* **EXERCISE BRIEF**
Which lines of the records below contain the string "definition"? Report each of them.

EXTRACTED INFORMATION section start

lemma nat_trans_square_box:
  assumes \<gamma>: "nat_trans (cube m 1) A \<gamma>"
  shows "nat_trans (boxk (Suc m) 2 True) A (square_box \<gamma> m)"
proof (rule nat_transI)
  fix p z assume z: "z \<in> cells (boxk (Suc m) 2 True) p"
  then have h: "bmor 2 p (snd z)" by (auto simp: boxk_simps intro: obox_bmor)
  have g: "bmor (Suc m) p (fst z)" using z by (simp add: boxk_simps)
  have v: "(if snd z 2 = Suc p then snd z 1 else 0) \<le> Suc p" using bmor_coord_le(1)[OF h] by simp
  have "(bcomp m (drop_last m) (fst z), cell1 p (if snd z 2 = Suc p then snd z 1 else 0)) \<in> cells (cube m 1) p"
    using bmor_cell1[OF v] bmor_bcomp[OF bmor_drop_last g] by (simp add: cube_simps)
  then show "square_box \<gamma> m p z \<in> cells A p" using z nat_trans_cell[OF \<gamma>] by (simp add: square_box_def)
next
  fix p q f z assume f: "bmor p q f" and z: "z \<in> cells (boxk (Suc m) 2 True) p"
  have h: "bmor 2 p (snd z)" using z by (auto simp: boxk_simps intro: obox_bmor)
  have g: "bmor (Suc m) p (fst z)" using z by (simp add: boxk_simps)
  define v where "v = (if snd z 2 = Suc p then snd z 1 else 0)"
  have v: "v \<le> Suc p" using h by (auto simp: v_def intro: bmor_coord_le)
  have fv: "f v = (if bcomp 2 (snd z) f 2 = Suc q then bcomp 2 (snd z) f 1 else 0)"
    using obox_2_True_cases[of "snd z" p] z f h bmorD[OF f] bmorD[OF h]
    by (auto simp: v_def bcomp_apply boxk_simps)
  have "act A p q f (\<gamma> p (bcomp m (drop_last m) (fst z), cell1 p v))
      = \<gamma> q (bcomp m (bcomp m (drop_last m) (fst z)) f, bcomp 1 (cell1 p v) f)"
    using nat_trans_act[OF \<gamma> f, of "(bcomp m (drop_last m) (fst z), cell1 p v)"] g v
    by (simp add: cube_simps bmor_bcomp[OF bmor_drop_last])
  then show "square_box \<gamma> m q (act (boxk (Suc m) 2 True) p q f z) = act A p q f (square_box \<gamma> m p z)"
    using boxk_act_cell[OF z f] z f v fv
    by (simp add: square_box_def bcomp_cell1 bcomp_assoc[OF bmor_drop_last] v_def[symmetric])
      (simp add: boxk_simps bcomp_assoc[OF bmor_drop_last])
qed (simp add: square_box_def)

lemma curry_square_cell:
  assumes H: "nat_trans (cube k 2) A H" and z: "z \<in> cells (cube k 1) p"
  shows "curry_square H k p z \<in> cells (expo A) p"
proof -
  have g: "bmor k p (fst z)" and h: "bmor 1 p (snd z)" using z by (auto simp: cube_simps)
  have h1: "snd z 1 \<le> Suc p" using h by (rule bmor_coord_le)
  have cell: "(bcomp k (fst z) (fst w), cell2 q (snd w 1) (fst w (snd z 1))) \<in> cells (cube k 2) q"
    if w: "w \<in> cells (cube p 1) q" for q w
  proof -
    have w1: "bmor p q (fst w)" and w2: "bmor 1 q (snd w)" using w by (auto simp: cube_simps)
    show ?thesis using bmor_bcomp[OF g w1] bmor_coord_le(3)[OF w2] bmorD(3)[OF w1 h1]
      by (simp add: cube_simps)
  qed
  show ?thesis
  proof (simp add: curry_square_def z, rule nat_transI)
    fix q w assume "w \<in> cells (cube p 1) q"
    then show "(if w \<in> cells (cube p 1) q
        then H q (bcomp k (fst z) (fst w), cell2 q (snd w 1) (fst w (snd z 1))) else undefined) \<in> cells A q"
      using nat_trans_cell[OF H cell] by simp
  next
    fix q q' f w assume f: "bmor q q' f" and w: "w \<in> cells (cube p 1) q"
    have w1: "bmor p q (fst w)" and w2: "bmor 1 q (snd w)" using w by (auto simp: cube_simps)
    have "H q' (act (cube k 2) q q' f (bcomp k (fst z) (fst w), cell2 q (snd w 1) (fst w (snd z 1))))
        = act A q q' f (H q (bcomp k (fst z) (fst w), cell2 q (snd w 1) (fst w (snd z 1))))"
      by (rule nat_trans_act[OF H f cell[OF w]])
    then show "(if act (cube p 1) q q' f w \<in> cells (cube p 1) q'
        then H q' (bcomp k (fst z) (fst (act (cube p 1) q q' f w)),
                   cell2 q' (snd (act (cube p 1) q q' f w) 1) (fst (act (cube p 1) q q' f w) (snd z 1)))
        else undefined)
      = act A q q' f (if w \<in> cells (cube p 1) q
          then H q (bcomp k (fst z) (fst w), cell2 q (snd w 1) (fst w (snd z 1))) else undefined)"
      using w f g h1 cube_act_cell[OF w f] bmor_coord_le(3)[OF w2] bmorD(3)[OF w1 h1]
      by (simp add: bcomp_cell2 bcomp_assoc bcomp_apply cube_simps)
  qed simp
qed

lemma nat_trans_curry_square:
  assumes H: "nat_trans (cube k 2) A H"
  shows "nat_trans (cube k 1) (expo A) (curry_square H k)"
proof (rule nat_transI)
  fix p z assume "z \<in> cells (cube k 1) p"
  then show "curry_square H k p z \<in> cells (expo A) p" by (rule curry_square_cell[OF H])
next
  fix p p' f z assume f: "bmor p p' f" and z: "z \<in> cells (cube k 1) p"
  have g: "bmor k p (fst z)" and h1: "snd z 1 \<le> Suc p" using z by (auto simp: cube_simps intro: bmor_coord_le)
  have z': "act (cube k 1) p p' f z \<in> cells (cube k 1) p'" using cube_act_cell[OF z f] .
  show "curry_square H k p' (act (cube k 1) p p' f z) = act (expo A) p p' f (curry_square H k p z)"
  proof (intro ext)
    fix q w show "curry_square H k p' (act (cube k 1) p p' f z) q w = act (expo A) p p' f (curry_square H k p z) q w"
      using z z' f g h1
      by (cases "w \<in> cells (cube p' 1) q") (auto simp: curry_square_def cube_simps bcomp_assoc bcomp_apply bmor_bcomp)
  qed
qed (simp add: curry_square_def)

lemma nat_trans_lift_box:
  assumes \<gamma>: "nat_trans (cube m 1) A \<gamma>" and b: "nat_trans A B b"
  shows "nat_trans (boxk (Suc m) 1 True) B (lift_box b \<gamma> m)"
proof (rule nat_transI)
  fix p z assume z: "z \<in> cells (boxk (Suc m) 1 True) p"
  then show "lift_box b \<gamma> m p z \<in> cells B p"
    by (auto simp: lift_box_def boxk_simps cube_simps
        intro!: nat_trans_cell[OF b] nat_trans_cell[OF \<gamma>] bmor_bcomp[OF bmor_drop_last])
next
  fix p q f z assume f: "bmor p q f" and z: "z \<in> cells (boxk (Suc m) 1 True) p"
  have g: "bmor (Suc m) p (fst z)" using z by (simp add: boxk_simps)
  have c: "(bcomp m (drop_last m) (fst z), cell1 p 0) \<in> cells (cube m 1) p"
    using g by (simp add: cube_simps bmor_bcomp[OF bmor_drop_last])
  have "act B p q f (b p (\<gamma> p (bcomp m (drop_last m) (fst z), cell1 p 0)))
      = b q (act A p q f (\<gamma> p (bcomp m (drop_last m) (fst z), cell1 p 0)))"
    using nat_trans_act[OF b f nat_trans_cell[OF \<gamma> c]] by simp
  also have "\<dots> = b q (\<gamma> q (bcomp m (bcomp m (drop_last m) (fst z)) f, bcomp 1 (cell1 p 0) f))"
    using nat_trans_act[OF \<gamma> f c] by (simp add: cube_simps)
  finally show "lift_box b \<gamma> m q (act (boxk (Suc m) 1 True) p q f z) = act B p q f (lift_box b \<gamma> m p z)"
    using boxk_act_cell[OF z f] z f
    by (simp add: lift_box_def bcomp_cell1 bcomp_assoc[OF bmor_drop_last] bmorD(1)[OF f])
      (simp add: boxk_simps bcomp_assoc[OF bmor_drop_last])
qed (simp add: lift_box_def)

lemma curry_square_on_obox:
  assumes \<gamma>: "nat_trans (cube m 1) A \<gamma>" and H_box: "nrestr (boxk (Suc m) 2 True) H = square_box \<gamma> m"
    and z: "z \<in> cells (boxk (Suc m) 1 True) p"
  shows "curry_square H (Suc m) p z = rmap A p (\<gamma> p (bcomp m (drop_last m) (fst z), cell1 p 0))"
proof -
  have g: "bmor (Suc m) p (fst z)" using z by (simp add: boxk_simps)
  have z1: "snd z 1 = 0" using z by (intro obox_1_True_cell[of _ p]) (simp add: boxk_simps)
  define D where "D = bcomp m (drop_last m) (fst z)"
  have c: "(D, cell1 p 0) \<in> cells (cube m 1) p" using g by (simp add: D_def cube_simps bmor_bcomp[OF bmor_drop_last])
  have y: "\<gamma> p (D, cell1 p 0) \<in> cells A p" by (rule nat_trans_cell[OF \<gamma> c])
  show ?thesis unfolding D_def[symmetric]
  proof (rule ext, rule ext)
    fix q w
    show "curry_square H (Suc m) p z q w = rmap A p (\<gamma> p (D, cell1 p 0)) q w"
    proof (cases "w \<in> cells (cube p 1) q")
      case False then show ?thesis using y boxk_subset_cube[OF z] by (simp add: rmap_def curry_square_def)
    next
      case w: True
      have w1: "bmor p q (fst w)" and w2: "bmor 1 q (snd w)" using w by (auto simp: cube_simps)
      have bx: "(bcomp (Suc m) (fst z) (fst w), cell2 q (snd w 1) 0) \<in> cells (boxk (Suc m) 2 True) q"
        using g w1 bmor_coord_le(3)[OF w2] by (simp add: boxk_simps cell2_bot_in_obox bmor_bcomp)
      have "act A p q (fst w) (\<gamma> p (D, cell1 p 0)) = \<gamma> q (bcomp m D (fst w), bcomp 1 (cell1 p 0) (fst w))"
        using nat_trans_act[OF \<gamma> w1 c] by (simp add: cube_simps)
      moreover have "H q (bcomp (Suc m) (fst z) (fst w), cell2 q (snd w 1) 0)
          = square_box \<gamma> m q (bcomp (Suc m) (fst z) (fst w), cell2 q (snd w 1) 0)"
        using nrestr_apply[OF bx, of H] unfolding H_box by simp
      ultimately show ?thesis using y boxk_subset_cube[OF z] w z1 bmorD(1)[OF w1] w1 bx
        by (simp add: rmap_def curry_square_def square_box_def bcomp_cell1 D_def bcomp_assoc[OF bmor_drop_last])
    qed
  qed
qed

EXTRACTED INFORMATION section end
EXTRACTED INFORMATION section start

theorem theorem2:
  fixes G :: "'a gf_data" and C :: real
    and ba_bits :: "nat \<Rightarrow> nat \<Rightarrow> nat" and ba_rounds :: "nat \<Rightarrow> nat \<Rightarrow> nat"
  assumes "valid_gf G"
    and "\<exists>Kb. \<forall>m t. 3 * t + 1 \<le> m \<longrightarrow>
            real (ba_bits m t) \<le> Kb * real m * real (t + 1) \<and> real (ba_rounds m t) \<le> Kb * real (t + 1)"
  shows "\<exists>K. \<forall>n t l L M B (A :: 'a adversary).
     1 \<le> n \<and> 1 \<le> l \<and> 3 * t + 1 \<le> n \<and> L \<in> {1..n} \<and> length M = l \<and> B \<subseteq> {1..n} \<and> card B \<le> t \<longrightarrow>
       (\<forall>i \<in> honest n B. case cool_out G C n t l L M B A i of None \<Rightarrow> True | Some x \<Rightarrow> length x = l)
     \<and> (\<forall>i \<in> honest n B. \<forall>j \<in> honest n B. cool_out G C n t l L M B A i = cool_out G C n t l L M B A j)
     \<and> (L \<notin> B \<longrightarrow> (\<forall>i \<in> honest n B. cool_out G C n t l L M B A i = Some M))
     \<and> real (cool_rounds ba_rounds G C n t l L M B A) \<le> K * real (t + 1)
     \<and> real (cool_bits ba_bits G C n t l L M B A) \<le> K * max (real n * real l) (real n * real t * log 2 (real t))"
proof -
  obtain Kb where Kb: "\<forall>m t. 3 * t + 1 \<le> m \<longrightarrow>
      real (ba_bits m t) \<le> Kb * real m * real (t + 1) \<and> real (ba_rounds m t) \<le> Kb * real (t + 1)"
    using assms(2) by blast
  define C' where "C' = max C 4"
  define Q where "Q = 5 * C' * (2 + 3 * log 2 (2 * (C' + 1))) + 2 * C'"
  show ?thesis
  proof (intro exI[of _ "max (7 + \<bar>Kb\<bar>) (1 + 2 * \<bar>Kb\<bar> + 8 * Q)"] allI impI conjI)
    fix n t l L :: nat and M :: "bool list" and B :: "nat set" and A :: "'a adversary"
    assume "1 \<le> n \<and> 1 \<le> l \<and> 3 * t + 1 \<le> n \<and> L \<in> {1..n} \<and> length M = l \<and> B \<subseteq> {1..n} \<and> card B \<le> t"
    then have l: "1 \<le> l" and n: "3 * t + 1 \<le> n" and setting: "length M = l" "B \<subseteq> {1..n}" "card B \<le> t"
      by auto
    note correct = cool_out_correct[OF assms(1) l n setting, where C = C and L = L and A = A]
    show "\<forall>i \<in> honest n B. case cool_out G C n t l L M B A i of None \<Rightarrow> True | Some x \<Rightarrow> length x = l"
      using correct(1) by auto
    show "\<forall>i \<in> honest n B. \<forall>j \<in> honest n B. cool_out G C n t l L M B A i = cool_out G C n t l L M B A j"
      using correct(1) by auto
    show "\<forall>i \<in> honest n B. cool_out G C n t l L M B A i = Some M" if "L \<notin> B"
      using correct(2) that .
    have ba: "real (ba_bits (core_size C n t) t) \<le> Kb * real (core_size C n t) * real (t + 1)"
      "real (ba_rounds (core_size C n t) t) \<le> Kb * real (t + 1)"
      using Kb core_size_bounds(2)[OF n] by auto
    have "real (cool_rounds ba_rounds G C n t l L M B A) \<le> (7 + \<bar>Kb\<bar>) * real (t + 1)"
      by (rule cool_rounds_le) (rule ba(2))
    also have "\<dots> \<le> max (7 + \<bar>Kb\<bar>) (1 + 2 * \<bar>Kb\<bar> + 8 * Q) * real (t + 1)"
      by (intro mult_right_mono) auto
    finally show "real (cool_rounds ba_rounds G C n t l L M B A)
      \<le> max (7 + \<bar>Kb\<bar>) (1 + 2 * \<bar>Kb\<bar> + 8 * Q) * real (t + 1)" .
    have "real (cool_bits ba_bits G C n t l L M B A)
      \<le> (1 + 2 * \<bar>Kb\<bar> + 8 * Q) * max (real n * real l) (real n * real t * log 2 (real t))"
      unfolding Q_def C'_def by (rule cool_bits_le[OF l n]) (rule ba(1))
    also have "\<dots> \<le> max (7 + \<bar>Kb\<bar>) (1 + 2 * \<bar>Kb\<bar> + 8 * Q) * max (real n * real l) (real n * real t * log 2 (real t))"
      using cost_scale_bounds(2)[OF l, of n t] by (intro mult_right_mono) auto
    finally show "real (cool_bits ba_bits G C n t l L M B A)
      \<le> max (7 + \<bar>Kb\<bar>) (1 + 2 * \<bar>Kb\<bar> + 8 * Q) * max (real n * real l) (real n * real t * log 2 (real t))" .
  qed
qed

EXTRACTED INFORMATION section end
EXTRACTED INFORMATION section start

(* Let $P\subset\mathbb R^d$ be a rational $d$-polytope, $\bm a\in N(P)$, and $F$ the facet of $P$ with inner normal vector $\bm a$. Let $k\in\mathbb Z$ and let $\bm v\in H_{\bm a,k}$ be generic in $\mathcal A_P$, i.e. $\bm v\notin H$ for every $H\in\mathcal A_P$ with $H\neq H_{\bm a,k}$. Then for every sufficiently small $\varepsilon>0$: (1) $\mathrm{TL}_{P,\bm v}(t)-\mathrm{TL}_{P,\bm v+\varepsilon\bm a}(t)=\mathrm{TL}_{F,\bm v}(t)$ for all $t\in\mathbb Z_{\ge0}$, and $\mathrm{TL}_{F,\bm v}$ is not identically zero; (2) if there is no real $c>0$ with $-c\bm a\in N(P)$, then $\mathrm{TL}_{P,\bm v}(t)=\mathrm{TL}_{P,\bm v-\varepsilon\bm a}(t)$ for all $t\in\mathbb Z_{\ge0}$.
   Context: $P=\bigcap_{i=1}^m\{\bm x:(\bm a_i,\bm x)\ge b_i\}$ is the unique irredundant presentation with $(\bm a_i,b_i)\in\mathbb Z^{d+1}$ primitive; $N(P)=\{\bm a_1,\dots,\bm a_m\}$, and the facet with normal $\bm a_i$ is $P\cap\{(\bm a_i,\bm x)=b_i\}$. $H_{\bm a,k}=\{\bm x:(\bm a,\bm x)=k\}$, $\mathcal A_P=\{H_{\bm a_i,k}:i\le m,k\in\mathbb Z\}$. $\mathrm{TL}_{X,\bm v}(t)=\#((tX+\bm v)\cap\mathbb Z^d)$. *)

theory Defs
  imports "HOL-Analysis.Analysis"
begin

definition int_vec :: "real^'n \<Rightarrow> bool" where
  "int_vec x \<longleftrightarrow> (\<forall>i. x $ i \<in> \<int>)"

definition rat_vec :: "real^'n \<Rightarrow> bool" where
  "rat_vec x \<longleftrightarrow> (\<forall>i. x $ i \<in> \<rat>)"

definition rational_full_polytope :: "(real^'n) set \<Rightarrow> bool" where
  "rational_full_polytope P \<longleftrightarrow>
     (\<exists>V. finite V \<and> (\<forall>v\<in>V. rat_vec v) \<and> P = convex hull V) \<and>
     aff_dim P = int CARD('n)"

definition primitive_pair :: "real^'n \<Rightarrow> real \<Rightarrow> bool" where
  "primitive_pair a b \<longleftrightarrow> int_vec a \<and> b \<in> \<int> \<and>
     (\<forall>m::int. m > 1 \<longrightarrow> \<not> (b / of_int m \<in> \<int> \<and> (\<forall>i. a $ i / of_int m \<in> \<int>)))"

EXTRACTED INFORMATION section end

* **REPLY TO THE EXERCISE**
definition int_vec :: "real^'n \<Rightarrow> bool" where
definition rat_vec :: "real^'n \<Rightarrow> bool" where
definition rational_full_polytope :: "(real^'n) set \<Rightarrow> bool" where
definition primitive_pair :: "real^'n \<Rightarrow> real \<Rightarrow> bool" where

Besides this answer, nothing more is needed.